## [WHAT THE TASK REQUIRES]
Each line of the data should be transcribed exactly as given.

## [DATA TO EXAMINE]
abbreviation "Nu \<equiv> neighbours V E u"
abbreviation "Nv \<equiv> neighbours V E v"

lemma u_in_V: "u \<in> V" and v_in_V: "v \<in> V" and u_ne_v: "u \<noteq> v"
  using separated by (simp_all add: rainbow_separated_def)

lemma no_rainbow_path: "rainbow_path V E c xs \<Longrightarrow> hd xs = u \<Longrightarrow> last xs = v \<Longrightarrow> False"
  using separated by (auto simp: rainbow_separated_def)

lemma not_adjacent: "{u, v} \<notin> E"
  using no_rainbow_path[of "[u, v]"] rainbow_path_edge by auto

lemma no_common_neighbour: "{u, w} \<in> E \<Longrightarrow> {w, v} \<notin> E"
  using no_rainbow_path[of "[u, w, v]"] rainbow_path_two_edges[of u w v] u_ne_v by auto

lemma three_edge_colours:
  "{u, a} \<in> E \<Longrightarrow> {a, b} \<in> E \<Longrightarrow> {b, v} \<in> E \<Longrightarrow> distinct [u, a, b, v] \<Longrightarrow> c {u, a} = c {b, v}"
  using no_rainbow_path[of "[u, a, b, v]"] rainbow_path_three_edges[of u a b v] by auto

lemma four_edge_colours:
  "{u, a} \<in> E \<Longrightarrow> {a, b} \<in> E \<Longrightarrow> {b, d} \<in> E \<Longrightarrow> {d, v} \<in> E \<Longrightarrow> distinct [u, a, b, d, v] \<Longrightarrow>
    c {u, a} = c {b, d} \<or> c {u, a} = c {d, v} \<or> c {a, b} = c {d, v}"
  using no_rainbow_path[of "[u, a, b, d, v]"] rainbow_path_four_edges[of u a b d v] by auto

lemma neighbours_u_subset: "Nu \<subseteq> V - {u, v}"
  and neighbours_v_subset: "Nv \<subseteq> V - {u, v}"
  and neighbours_disjoint: "Nu \<inter> Nv = {}"
  using not_adjacent no_common_neighbour edge_vertices by (fastforce simp: insert_commute)+

lemma link_colour:
  assumes "x \<in> Nu" "y \<in> Nv" "{x, y} \<in> E"
  shows "c {u, x} = c {y, v}"
proof -
  have "distinct [u, x, y, v]"
    using assms neighbours_u_subset neighbours_v_subset neighbours_disjoint u_ne_v by auto
  with assms show ?thesis
    using three_edge_colours[of x y] by (simp add: insert_commute)
qed

text \<open>A path u x y v is not rainbow, so its end edges share a colour; properness at v (resp. u)
  then makes the edges between the two neighbourhoods a matching.\<close>
lemma link_unique_right:
  assumes "x \<in> Nu" "y \<in> Nv" "y' \<in> Nv" "{x, y} \<in> E" "{x, y'} \<in> E"
  shows "y = y'"
  using link_colour[of x y] link_colour[of x y'] colours_differ[of y v y'] assms
  by (auto simp: insert_commute)

lemma link_unique_left:
  assumes "x \<in> Nu" "x' \<in> Nu" "y \<in> Nv" "{x, y} \<in> E" "{x', y} \<in> E"
  shows "x = x'"
  using link_colour[of x y] link_colour[of x' y] colours_differ[of x u x'] assms
  by (auto simp: insert_commute)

## [WORKED SOLUTION]
abbreviation "Nu \<equiv> neighbours V E u"
abbreviation "Nv \<equiv> neighbours V E v"

lemma u_in_V: "u \<in> V" and v_in_V: "v \<in> V" and u_ne_v: "u \<noteq> v"
  using separated by (simp_all add: rainbow_separated_def)

lemma no_rainbow_path: "rainbow_path V E c xs \<Longrightarrow> hd xs = u \<Longrightarrow> last xs = v \<Longrightarrow> False"
  using separated by (auto simp: rainbow_separated_def)

lemma not_adjacent: "{u, v} \<notin> E"
  using no_rainbow_path[of "[u, v]"] rainbow_path_edge by auto

lemma no_common_neighbour: "{u, w} \<in> E \<Longrightarrow> {w, v} \<notin> E"
  using no_rainbow_path[of "[u, w, v]"] rainbow_path_two_edges[of u w v] u_ne_v by auto

lemma three_edge_colours:
  "{u, a} \<in> E \<Longrightarrow> {a, b} \<in> E \<Longrightarrow> {b, v} \<in> E \<Longrightarrow> distinct [u, a, b, v] \<Longrightarrow> c {u, a} = c {b, v}"
  using no_rainbow_path[of "[u, a, b, v]"] rainbow_path_three_edges[of u a b v] by auto

lemma four_edge_colours:
  "{u, a} \<in> E \<Longrightarrow> {a, b} \<in> E \<Longrightarrow> {b, d} \<in> E \<Longrightarrow> {d, v} \<in> E \<Longrightarrow> distinct [u, a, b, d, v] \<Longrightarrow>
    c {u, a} = c {b, d} \<or> c {u, a} = c {d, v} \<or> c {a, b} = c {d, v}"
  using no_rainbow_path[of "[u, a, b, d, v]"] rainbow_path_four_edges[of u a b d v] by auto

lemma neighbours_u_subset: "Nu \<subseteq> V - {u, v}"
  and neighbours_v_subset: "Nv \<subseteq> V - {u, v}"
  and neighbours_disjoint: "Nu \<inter> Nv = {}"
  using not_adjacent no_common_neighbour edge_vertices by (fastforce simp: insert_commute)+

lemma link_colour:
  assumes "x \<in> Nu" "y \<in> Nv" "{x, y} \<in> E"
  shows "c {u, x} = c {y, v}"
proof -
  have "distinct [u, x, y, v]"
    using assms neighbours_u_subset neighbours_v_subset neighbours_disjoint u_ne_v by auto
  with assms show ?thesis
    using three_edge_colours[of x y] by (simp add: insert_commute)
qed

text \<open>A path u x y v is not rainbow, so its end edges share a colour; properness at v (resp. u)
  then makes the edges between the two neighbourhoods a matching.\<close>
lemma link_unique_right:
  assumes "x \<in> Nu" "y \<in> Nv" "y' \<in> Nv" "{x, y} \<in> E" "{x, y'} \<in> E"
  shows "y = y'"
  using link_colour[of x y] link_colour[of x y'] colours_differ[of y v y'] assms
  by (auto simp: insert_commute)

lemma link_unique_left:
  assumes "x \<in> Nu" "x' \<in> Nu" "y \<in> Nv" "{x, y} \<in> E" "{x', y} \<in> E"
  shows "x = x'"
  using link_colour[of x y] link_colour[of x' y] colours_differ[of x u x'] assms
  by (auto simp: insert_commute)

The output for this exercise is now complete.